From start to finish, the genre-defying American singer and songwriter flexes her prowess as executive producer at maximal. She performs and curates her live show with the same signature seamless flow of her albums. 

Drenched in kaleidoscopic magenta beams Kelela sings ‘Contact’, her 2023 bass-laden psychedelic elixir capable of intoxicating the global mainstream which tears off into hopscotching breaks. This ignites a b2b revisit of ‘Go All Night’ and ‘Bank Head’ off 2013’s boundary-pushing ‘Night Slugs and Fade to Mind mixtape ‘Cut 4 You’ which saw her clock cult fame on the underground. 

If her cosmic 2015 Arca-produced break-up EP ‘Hallucinogen’ and ‘Take Me Apart’ were about breaking down, Kelela reminds us tonight in the flesh and with Raven what it means to be put back together. 

Photo: Kat Friar

Behind the mic, she speaks for the first time expressing gratitude for her fan’s half-a-decade patience and respecting her space to create new music at her own pace. Entirely shifting her focus in the wake of political unrest, the Black Lives Matter movement and 2020 lockdown Kelela stated “I started this process from the feeling of isolation and alienation I’ve always had as a Black femme in dance music, despite its black origins. ‘Raven(the album and track) is my first breath taken in the dark, an affirmation of Black femme perspective in the midst of systemic erasure and the sound of our vulnerability turned to power.’ 

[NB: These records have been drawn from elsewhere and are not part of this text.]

(* Let Assumptions 1 and 2 (stated in the context) hold and let $g',g''\in L^2[0,1]$. Put $C_1=(\tilde x_2-\tilde x_1)^{1/2}/\min\{\tilde x_1-x_1,\ x_2-\tilde x_2\}$, $c_p=\min\{1-w_2,w_1\}\min\{C_F-1,2\}c_Wc_f/4$ and $\bar C=C_1/c_p$. If there exists $h\in L^2[0,1]$ such that $g'-g''+h\in\mathcal M$ and $$\|h\|_{2,t}+\bar C\|T\|_2\|h\|_2<\|g'-g''\|_{2,t},$$ then $g'$ and $g''$ are not observationally equivalent, i.e. it is not the case that $E[g'(X)-g''(X)\mid W]=0$ almost surely (equivalently, $\|T(g'-g'')\|_2>0$).
   Context: Let $(X,W)$ be a random pair with values in $[0,1]^2$; $F_{X|W}(x|w)$, $f_{X|W}(x|w)$, $f_{X,W}$, $f_W$ denote the conditional distribution function of $X$ given $W=w$, the conditional density, the joint density and the marginal density of $W$. Fix constants $0\le x_1<\tilde x_1<\tilde x_2<x_2\le1$ and $0<w_1<w_2<1$. "Increasing" means non-decreasing and "decreasing" means non-increasing. Assumption 1 (Monotone IV): (a) for all $x,w',w''\in(0,1)$ with $w'\le w''$, $F_{X|W}(x|w')\ge F_{X|W}(x|w'')$; (b) there is a constant $C_F>1$ such that $F_{X|W}(x|w_1)\ge C_F F_{X|W}(x|w_2)$ for all $x\in(0,x_2)$, and $C_F(1-F_{X|W}(x|w_1))\le 1-F_{X|W}(x|w_2)$ for all $x\in(x_1,1)$. Assumption 2 (Density): (i) $(X,W)$ has a density $f_{X,W}$ with respect to Lebesgue measure on $[0,1]^2$ with $\int_0^1\int_0^1 f_{X,W}(x,w)^2\,dx\,dw\le C_T$ for a finite constant $C_T$; (ii) there is $c_f>0$ with $f_{X|W}(x|w)\ge c_f$ for all $x\in[x_1,x_2]$ and $w\in\{w_1,w_2\}$; (iii) there are constants $0<c_W\le C_W<\infty$ with $c_W\le f_W(w)\le C_W$ for all $w\in[0,1]$. The operator $T:L^2[0,1]\to L^2[0,1]$ is $(Th)(w)=E[h(X)\mid W=w]f_W(w)=\int_0^1 h(x)f_{X,W}(x,w)\,dx$, with operator norm $\|T\|_2=\sup_{\|h\|_2=1}\|Th\|_2$. The truncated norm is $\|h\|_{2,t}=\big(\int_{\tilde x_1}^{\tilde x_2}h(x)^2dx\big)^{1/2}$. $\mathcal M$ denotes the set of all monotone (increasing or decreasing) functions in $L^2[0,1]$. *)

theory Defs
  imports "HOL-Analysis.Analysis"
begin

text \<open>The joint density of (X,W) is represented by a function f with f x w = f_{X,W}(x,w);
  all quantities are computed on the unit square [0,1]^2.\<close>

definition joint_density :: "(real \<Rightarrow> real \<Rightarrow> real) \<Rightarrow> bool" where
  "joint_density f \<longleftrightarrow>
     (\<forall>x\<in>{0..1}. \<forall>w\<in>{0..1}. 0 \<le> f x w) \<and>
     (\<lambda>(x,w). f x w) \<in> borel_measurable (lborel \<Otimes>\<^sub>M lborel) \<and>
     set_integrable (lborel \<Otimes>\<^sub>M lborel) ({0..1} \<times> {0..1}) (\<lambda>(x,w). f x w) \<and>
     (LINT p:({0..1} \<times> {0..1})|(lborel \<Otimes>\<^sub>M lborel). (\<lambda>(x,w). f x w) p) = 1"

definition fW :: "(real \<Rightarrow> real \<Rightarrow> real) \<Rightarrow> real \<Rightarrow> real" where
  "fW f w = (LINT x:{0..1}|lborel. f x w)"
lemma logbr_const_left: "c \<in> F \<Longrightarrow> logbr c g = 0"
  unfolding logbr_def by (simp add: br_const_left)

lemma logbr_const_right: "c \<in> F \<Longrightarrow> logbr g c = 0"
  by (metis logbr_antisym logbr_const_left neg_equal_0_iff_equal)

lemma logbr_power_int_left:
  assumes "f \<noteq> 0" "g \<noteq> 0" shows "logbr (f powi k) g = of_int k * logbr f g"
proof -
  have power: "logbr (f ^ m) g = of_nat m * logbr f g" for m
    using assms by (induction m) (simp_all add: logbr_mult_left logbr_const_left algebra_simps)
  show ?thesis
  proof (cases "k \<ge> 0")
    case True
    then show ?thesis
      using power[of "nat k"] by (simp add: power_int_def)
  next
    case False
    then have "f powi k = inverse (f ^ nat (- k))"
      by (simp add: power_int_def power_inverse)
    then show ?thesis
      using power[of "nat (- k)"] assms False by (simp add: logbr_inverse_left)
  qed
qed

lemma logbr_prod_left:
  "(\<And>i. i \<in> I \<Longrightarrow> f i \<noteq> 0) \<Longrightarrow> g \<noteq> 0 \<Longrightarrow> logbr (prod f I) g = (\<Sum>i\<in>I. logbr (f i) g)"
  by (induction I rule: infinite_finite_induct) (simp_all add: logbr_mult_left logbr_const_left)

end

section \<open>An Archimedean monomial order\<close>

definition int_vecs :: "nat \<Rightarrow> (nat \<Rightarrow> int) set" where
  "int_vecs n = {a. \<forall>i\<ge>n. a i = 0}"

lemma int_vecs_add [intro]: "a \<in> int_vecs n \<Longrightarrow> b \<in> int_vecs n \<Longrightarrow> a + b \<in> int_vecs n"
  and int_vecs_uminus [intro]: "a \<in> int_vecs n \<Longrightarrow> - a \<in> int_vecs n"
  and int_vecs_diff [intro]: "a \<in> int_vecs n \<Longrightarrow> b \<in> int_vecs n \<Longrightarrow> a - b \<in> int_vecs n"
  and int_vecs_zero [simp]: "0 \<in> int_vecs n"
  unfolding int_vecs_def by auto

definition nth_prime :: "nat \<Rightarrow> nat" where
  "nth_prime = enumerate {p. prime p}"

lemma prime_nth_prime: "prime (nth_prime i)"
  unfolding nth_prime_def using enumerate_in_set[OF primes_infinite] by simp

lemma inj_nth_prime: "inj nth_prime"
  unfolding nth_prime_def using strict_mono_enumerate[OF primes_infinite] by (rule strict_mono_imp_inj_on)

lemma multiplicity_nth_prime_prod:
  assumes "finite I"
  shows "multiplicity (nth_prime j) (\<Prod>i\<in>I. nth_prime i ^ e i) = (if j \<in> I then e j else 0)"
proof -
  have nonzero: "nth_prime i \<noteq> 0" for i
    using prime_nth_prime by (metis not_prime_0)
  have single: "multiplicity (nth_prime j) (nth_prime i) = (if i = j then 1 else 0)" for i
    using prime_nth_prime inj_eq[OF inj_nth_prime]
    by (simp add: prime_multiplicity_other prime_imp_prime_elem)
  have "multiplicity (nth_prime j) (\<Prod>i\<in>I. nth_prime i ^ e i) =
      (\<Sum>i\<in>I. multiplicity (nth_prime j) (nth_prime i ^ e i))"
    using assms nonzero prime_nth_prime
    by (intro prime_elem_multiplicity_prod_distrib) (auto simp: prime_imp_prime_elem nonzero)
  also have "\<dots> = (\<Sum>i\<in>I. e i * multiplicity (nth_prime j) (nth_prime i))"
    using nonzero prime_nth_prime
    by (intro sum.cong refl prime_elem_multiplicity_power_distrib) (auto simp: prime_imp_prime_elem)
  finally show ?thesis
    using assms by (simp add: single if_distrib cong: if_cong)
qed

text \<open>By unique factorization, weighting coordinate i with ln p_i embeds Z^n additively and
  injectively into the reals.\<close>

definition prime_weight :: "nat \<Rightarrow> (nat \<Rightarrow> int) \<Rightarrow> real" where
  "prime_weight n a = (\<Sum>i<n. of_int (a i) * ln (nth_prime i))"

lemma prime_weight_add: "prime_weight n (a + b) = prime_weight n a + prime_weight n b"
  and prime_weight_uminus: "prime_weight n (- a) = - prime_weight n a"
  and prime_weight_diff: "prime_weight n (a - b) = prime_weight n a - prime_weight n b"
  and prime_weight_zero [simp]: "prime_weight n 0 = 0"
  unfolding prime_weight_def by (simp_all add: sum.distrib sum_negf sum_subtractf algebra_simps)

lemma prime_weight_eq_0_iff:
  assumes "a \<in> int_vecs n" shows "prime_weight n a = 0 \<longleftrightarrow> a = 0"
proof
  assume weight: "prime_weight n a = 0"
  define N where "N a = (\<Prod>i<n. nth_prime i ^ nat (a i))" for a :: "nat \<Rightarrow> int"
  have N_pos: "0 < N b" for b
    unfolding N_def using prime_nth_prime prime_gt_0_nat by (simp add: prod_pos)
  have ln_N: "ln (real (N b)) = (\<Sum>i<n. real (nat (b i)) * ln (nth_prime i))" for b
    unfolding N_def using prime_nth_prime prime_gt_0_nat by (simp add: ln_prod ln_realpow)
  have nat_diff: "real (nat k) - real (nat (- k)) = of_int k" for k :: int
    by (cases "k \<ge> 0") auto
  have "ln (real (N a)) - ln (real (N (- a))) = prime_weight n a"
    unfolding ln_N prime_weight_def sum_subtractf[symmetric] left_diff_distrib[symmetric]
    by (simp add: nat_diff)
  then have "N a = N (- a)"
    using weight N_pos by simp
  then have same: "nat (a j) = nat (- a j)" if "j < n" for j
    using multiplicity_nth_prime_prod[of "{..<n}" j "\<lambda>i. nat (a i)"]
      multiplicity_nth_prime_prod[of "{..<n}" j "\<lambda>i. nat (- a i)"] that
    unfolding N_def by simp
  have "a j = 0" for j
  proof (cases "j < n")
    case True
    then show ?thesis
      using same[of j] by arith
  next
    case False
    then show ?thesis
      using assms unfolding int_vecs_def by simp
  qed
  then show "a = 0"
    by auto
qed simp

lemma prime_weight_inj:
  "a \<in> int_vecs n \<Longrightarrow> b \<in> int_vecs n \<Longrightarrow> prime_weight n a = prime_weight n b \<Longrightarrow> a = b"
  by (metis prime_weight_eq_0_iff int_vecs_diff prime_weight_diff right_minus_eq)

section \<open>Laurent polynomials in the generators\<close>

locale quantum_torus =
  fixes F :: "'a::field_char_0 set" and n :: nat and lam :: "nat \<Rightarrow> nat \<Rightarrow> 'a"
    and x :: "nat \<Rightarrow> 'a" and br :: "'a \<Rightarrow> 'a \<Rightarrow> 'a"
  assumes lam_in_F: "\<forall>i<n. \<forall>j<n. lam i j \<in> F"
    and lam_antisym: "\<forall>i<n. \<forall>j<n. lam j i = - lam i j"
    and quantum_torus: "is_quantum_torus_bracket F n lam x br"
begin

sublocale poisson_field F br
  using quantum_torus unfolding is_quantum_torus_bracket_def is_rational_function_field_def
  by unfold_locales blast+

lemma algebraically_independent: "is_poly_over F n p \<Longrightarrow> poly_eval x p = 0 \<Longrightarrow> p = 0"
  and quotient_of_polys: "\<exists>p q. is_poly_over F n p \<and> is_poly_over F n q \<and> poly_eval x q \<noteq> 0
     \<and> f = poly_eval x p / poly_eval x q"
  and br_x: "i < n \<Longrightarrow> j < n \<Longrightarrow> br (x i) (x j) = lam i j * x i * x j"
  using quantum_torus unfolding is_quantum_torus_bracket_def is_rational_function_field_def
  by blast+

lemma poly_eval_single: "poly_eval x (Poly_Mapping.single m c) = c * mon_eval x m"
  unfolding poly_eval_def by simp

lemma poly_eval_sum: "poly_eval x (sum p I) = (\<Sum>i\<in>I. poly_eval x (p i))"
proof (induction I rule: infinite_finite_induct)
  case (insert i I)
  have add: "poly_eval x (p + q) = poly_eval x p + poly_eval x q" for p q
  proof -
    let ?A = "Poly_Mapping.keys p \<union> Poly_Mapping.keys q"
    have eval: "Poly_Mapping.keys r \<subseteq> ?A \<Longrightarrow>
        poly_eval x r = (\<Sum>m\<in>?A. Poly_Mapping.lookup r m * mon_eval x m)" for r
      unfolding poly_eval_def by (rule sum.mono_neutral_left) (auto simp: in_keys_iff)
    show ?thesis
      using eval[OF keys_add] eval[of p] eval[of q] by (simp add: lookup_add distrib_right sum.distrib)
  qed
  show ?case
    using insert by (simp add: add)
qed (simp_all add: poly_eval_def)

lemma x_nonzero: "i < n \<Longrightarrow> x i \<noteq> 0"
proof
  assume "i < n" "x i = 0"
  let ?p = "Poly_Mapping.single (Poly_Mapping.single i (1::nat)) (1::'a)"
  have "is_poly_over F n ?p"
    using \<open>i < n\<close> unfolding is_poly_over_def by (auto simp: lookup_single when_def)
  moreover have "poly_eval x ?p = 0"
    using \<open>x i = 0\<close> by (simp add: poly_eval_single mon_eval_def)
  ultimately have "?p = 0"
    by (rule algebraically_independent)
  then show False
    by (metis lookup_single_eq zero_neq_one lookup_zero)
qed

definition monom :: "(nat \<Rightarrow> int) \<Rightarrow> 'a" where
  "monom a = (\<Prod>i<n. x i powi a i)"

lemma monom_add: "monom (a + b) = monom a * monom b"
  unfolding monom_def by (simp add: power_int_add x_nonzero prod.distrib)

lemma monom_zero [simp]: "monom 0 = 1"
  unfolding monom_def by simp

lemma monom_nonzero [simp]: "monom a \<noteq> 0"
  unfolding monom_def by (simp add: x_nonzero)
(* Let $A$ be a brick gentle algebra. For any label $w_{\mathcal D}\in\mathcal S$, the string module $M(\mathrm{str}(w_{\mathcal D}))\in\mathcal M$ is a brick as a $\Pi(A)$-module, i.e. $\mathrm{End}_{\Pi(A)}(M(\mathrm{str}(w_{\mathcal D})))=k$.
   Context: Setting: $k$ a field, $A=kQ/I$, $Q$ finite connected quiver, $I$ admissible generated by paths (paths composed right to left). Gentle: (S1) each vertex has at most two incoming and two outgoing arrows; (S2) for each arrow $\alpha$ at most one $\beta$ with $\alpha\beta$ a path not in $I$ and at most one $\gamma$ with $\gamma\alpha$ a path not in $I$; (G1) $I$ generated by paths of length two; (G2) for each arrow $\alpha$ at most one $\beta$ with $\alpha\beta$ a path in $I$ and at most one $\gamma$ with $\gamma\alpha$ a path in $I$. Brick gentle: moreover every indecomposable module has endomorphism ring a division ring. Strings (for any $k\Gamma/J$, $J$ generated by paths): words $w=\gamma_d^{\epsilon_d}\cdots\gamma_1^{\epsilon_1}$ in arrows and formal inverses ($s(\gamma^{-1})=t(\gamma)$, $t(\gamma^{-1})=s(\gamma)$), consecutive letters composable, no $\gamma\gamma^{-1}$ or $\gamma^{-1}\gamma$, neither $w$ nor $w^{-1}$ containing a subword which is a path in $J$; plus length-zero strings; $w\sim w^{-1}$. String module $M(w)$: basis $b_1,\dots,b_{d+1}$, $b_j$ at vertex $x_j$ where $x_1=s(\gamma_1^{\epsilon_1})$, $x_{i+1}=t(\gamma_i^{\epsilon_i})$; $\gamma_i$ sends $b_i\mapsto b_{i+1}$ if $\epsilon_i=1$, $b_{i+1}\mapsto b_i$ if $\epsilon_i=-1$; other arrow actions on basis vectors are zero. For $w=\gamma_d^{\epsilon_d}\cdots\gamma_1^{\epsilon_1}\in\mathrm{Str}(A)$ and $1\le j\le d$, $w=w_1\gamma_j^{\epsilon_j}w_2$ gives a break $\{w_1,w_2\}$, with $w_1,w_2$ splits. Labels: $\mathcal S$ = pairs $w_{\mathcal D}=(w,\mathcal D)$, $w\in\mathrm{Str}(A)$ of length $d$, $\mathcal D$ a set of $d$ splits of $w$ no two from the same break (so exactly one from each break), modulo $(w,\mathcal D)\sim(w^{-1},\mathcal D^{-1})$. $\Pi(A)=k\overline Q/\overline I$, where $\overline Q$ adds an arrow $\gamma^*:t(\gamma)\to s(\gamma)$ for each $\gamma\in Q_1$ and $\overline I$ is generated by $\beta\alpha,\alpha^*\beta^*$ for paths $\beta\alpha\in I$ of length two. A string of $\Pi(A)$ specializes to the word obtained by replacing $\gamma^*$ by $\gamma^{-1}$ and $(\gamma^* )^{-1}$ by $\gamma$; $\mathcal M$ is the additive closure in $\mathrm{mod}(\Pi(A))$ of the string modules of strings of $\Pi(A)$ specializing to strings of $A$. The map $\mathrm{str}$: for $w_{\mathcal D}$ with $w=\gamma_d^{\epsilon_d}\cdots\gamma_1^{\epsilon_1}$, $\mathrm{str}(w_{\mathcal D})$ is the word obtained by replacing the $i$-th letter as follows: if $w=u\gamma_iw'$ with $w'\in\mathcal D$, use $\gamma_i$; if $w=u\gamma_i^{-1}w'$ with $w'\in\mathcal D$, use $\gamma_i^*$; if $w=w'\gamma_i^{-1}u$ with $w'\in\mathcal D$, use $\gamma_i^{-1}$; if $w=w'\gamma_iu$ with $w'\in\mathcal D$, use $(\gamma_i^* )^{-1}$ (here $u$ is a possibly empty string). This is a string of $\Pi(A)$ specializing to $w$. *)

theory Defs
  imports Main
begin
(* There is a constant $c>0$ such that for all integers $n\ge 2$ and $\tau\ge 1$ there exist a value $\varepsilon\ge 0$ and a set $\mathcal X$ of $n$ entities, each moving along a trajectory of $\tau$ edges (in general position), whose Reeb graph $\mathcal R$ has at least $c\,\tau n^2$ vertices and at least $c\,\tau n^2$ edges. In other words, the Reeb graph can have $\Omega(\tau n^2)$ vertices and $\Omega(\tau n^2)$ edges.
   Context: Let $\mathcal X$ be a set of $n$ entities. All trajectories are sampled at common times $t_0<t_1<\dots<t_\tau$; each entity $x$ has a position $x(t_i)\in\mathbb R^2$ at each $t_i$ and moves with constant velocity between consecutive sample times, so its trajectory is a polygonal path with $\tau$ edges defined on $[t_0,t_\tau]$. Fix $\varepsilon\ge 0$. Two entities $x,y$ are directly connected at time $t$ if their closed discs of radius $\varepsilon$ centred at $x(t)$ and $y(t)$ intersect, i.e. $\|x(t)-y(t)\|\le 2\varepsilon$. They are $\varepsilon$-connected at time $t$ if there is a sequence $x=x_0,\dots,x_k=y$ of entities with $x_i,x_{i+1}$ directly connected at $t$ for all $i$. A component at time $t$ is a maximal set of pairwise $\varepsilon$-connected entities; the components at time $t$ partition $\mathcal X$. General position: no two distinct events at which a pair of entities becomes directly connected or directly disconnected occur at the same time. The Reeb graph $\mathcal R$ is the directed graph describing the evolution of the components over $[t_0,t_\tau]$: it has a start vertex for each component at $t_0$ (in-degree 0, out-degree 1), an end vertex for each component at $t_\tau$ (in-degree 1, out-degree 0), a merge vertex (in-degree 2, out-degree 1) at each time two components unite into one, and a split vertex (in-degree 1, out-degree 2) at each time a component splits into two; each vertex $v$ has a time $t_v$, and each edge $e=(u,v)$ with $t_u<t_v$ corresponds to a set $C_e$ of entities that is a component at every time in $[t_u,t_v]$. *)

theory Defs
  imports "HOL-Analysis.Analysis"
begin

text \<open>Entities are 0,...,n-1. Sample times T 0 < T 1 < ... < T tau.
  P x i :: real^2 is the position of entity x at sample time T i; between consecutive
  sample times the entity moves with constant velocity. Outside [T 0, T tau] the
  position is clamped (irrelevant: everything below is restricted to [T 0, T tau]).\<close>

definition traj :: "(nat \<Rightarrow> real) \<Rightarrow> nat \<Rightarrow> (nat \<Rightarrow> real^2) \<Rightarrow> real \<Rightarrow> real^2" where
  "traj T tau p s =
     (if s \<le> T 0 then p 0
      else if T tau \<le> s then p tau
      else (let i = (THE i. i < tau \<and> T i \<le> s \<and> s < T (Suc i))
            in p i + ((s - T i) / (T (Suc i) - T i)) *\<^sub>R (p (Suc i) - p i)))"

text \<open>Direct connection: the closed eps-discs around the two positions intersect.\<close>
definition dconn :: "nat \<Rightarrow> (nat \<Rightarrow> real) \<Rightarrow> (nat \<Rightarrow> nat \<Rightarrow> real^2) \<Rightarrow> real
    \<Rightarrow> nat \<Rightarrow> nat \<Rightarrow> real \<Rightarrow> bool" where
  "dconn tau T P eps x y s \<longleftrightarrow> dist (traj T tau (P x) s) (traj T tau (P y) s) \<le> 2 * eps"

definition conn_rel :: "nat \<Rightarrow> nat \<Rightarrow> (nat \<Rightarrow> real) \<Rightarrow> (nat \<Rightarrow> nat \<Rightarrow> real^2) \<Rightarrow> real
    \<Rightarrow> real \<Rightarrow> (nat \<times> nat) set" where
  "conn_rel n tau T P eps s = {(x, y). x < n \<and> y < n \<and> dconn tau T P eps x y s}"

definition comps :: "nat \<Rightarrow> nat \<Rightarrow> (nat \<Rightarrow> real) \<Rightarrow> (nat \<Rightarrow> nat \<Rightarrow> real^2) \<Rightarrow> real
    \<Rightarrow> real \<Rightarrow> nat set set" where
  "comps n tau T P eps s = {..<n} // (conn_rel n tau T P eps s)\<^sup>*"

definition event :: "nat \<Rightarrow> nat \<Rightarrow> (nat \<Rightarrow> real) \<Rightarrow> (nat \<Rightarrow> nat \<Rightarrow> real^2) \<Rightarrow> real
    \<Rightarrow> nat \<Rightarrow> nat \<Rightarrow> real \<Rightarrow> bool" where
  "event n tau T P eps x y s \<longleftrightarrow> x < n \<and> y < n \<and> x \<noteq> y \<and> T 0 \<le> s \<and> s \<le> T tau \<and>
     (\<forall>\<delta>>0. \<exists>s1 s2. \<bar>s1 - s\<bar> < \<delta> \<and> \<bar>s2 - s\<bar> < \<delta> \<and>
        dconn tau T P eps x y s1 \<and> \<not> dconn tau T P eps x y s2)"

text \<open>General position: every event is a single clean event (the pair becomes connected
  or becomes disconnected at s, not both, e.g. no tangential touching), and events of
  different pairs never happen at the same time.\<close>
definition general_position :: "nat \<Rightarrow> nat \<Rightarrow> (nat \<Rightarrow> real) \<Rightarrow> (nat \<Rightarrow> nat \<Rightarrow> real^2)
    \<Rightarrow> real \<Rightarrow> bool" where
  "general_position n tau T P eps \<longleftrightarrow>
     (\<forall>x y s. event n tau T P eps x y s \<longrightarrow>
        (\<exists>\<delta>>0. \<exists>b. (\<forall>s'. s - \<delta> < s' \<and> s' < s \<longrightarrow> dconn tau T P eps x y s' = b) \<and>
                   (\<forall>s'. s < s' \<and> s' < s + \<delta> \<longrightarrow> dconn tau T P eps x y s' = (\<not> b)))) \<and>
     (\<forall>x y x' y' s. event n tau T P eps x y s \<and> event n tau T P eps x' y' s
        \<longrightarrow> {x, y} = {x', y'})"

She waxes lyrical “I felt like when my shit was changing, yet you all knew that I was doing whatever the fuck it was that I was supposed to be doing so that I could bring you that real shit.” Cheers and snaps ensue as Kelela goes on “If I lost my voice, I still would be making art, and I feel like y’all muthafuckers would still be fucking with me. I just wanted to say thank you for that and for expressing that faith in me as a person, as an artist. I really appreciate it, and it’s been such a pleasure to witness the community I’ve created. I want to reciprocate that and send love to ya’ll, really, truly. The last thing I want to say is, like I feel like the connection rate at the Kelela show….” She flirts, “I hope you’re going somewhere cosy after this, and you have a great night. Thank you so much.”

Photo: Kat Friar

The lights go down and Kelela leaves no opportunity to come up for air as she takes the crowd to a climax. 

She works her way up and down her back catalogue. First, pouring her wavey vocals into ‘Let It Go’ off the water-themed ‘Raven’ toward rippling octaves of ‘Waitin’ off her formative 2018 remix project ‘Take Me a_Part, the Remixes’ transcending into Kaytranada’s flip, which propels the audience into vocal moans so loud they threaten to drown her out. 

Under celestial white spotlights, she transfixes with a version of ‘Raven’ mixing heart-throbbing poetry with otherworldly conviction and an obliterating beat breakdown. Followed by erotic, sweat-soaked slow burns ‘Bruises,’ ‘Sorbet’ and ‘Enough Love’ under a dark crimson red light leading to a body-shaking vocal performance of “All the Way Down’ that sends the audience into waves of ecstasy.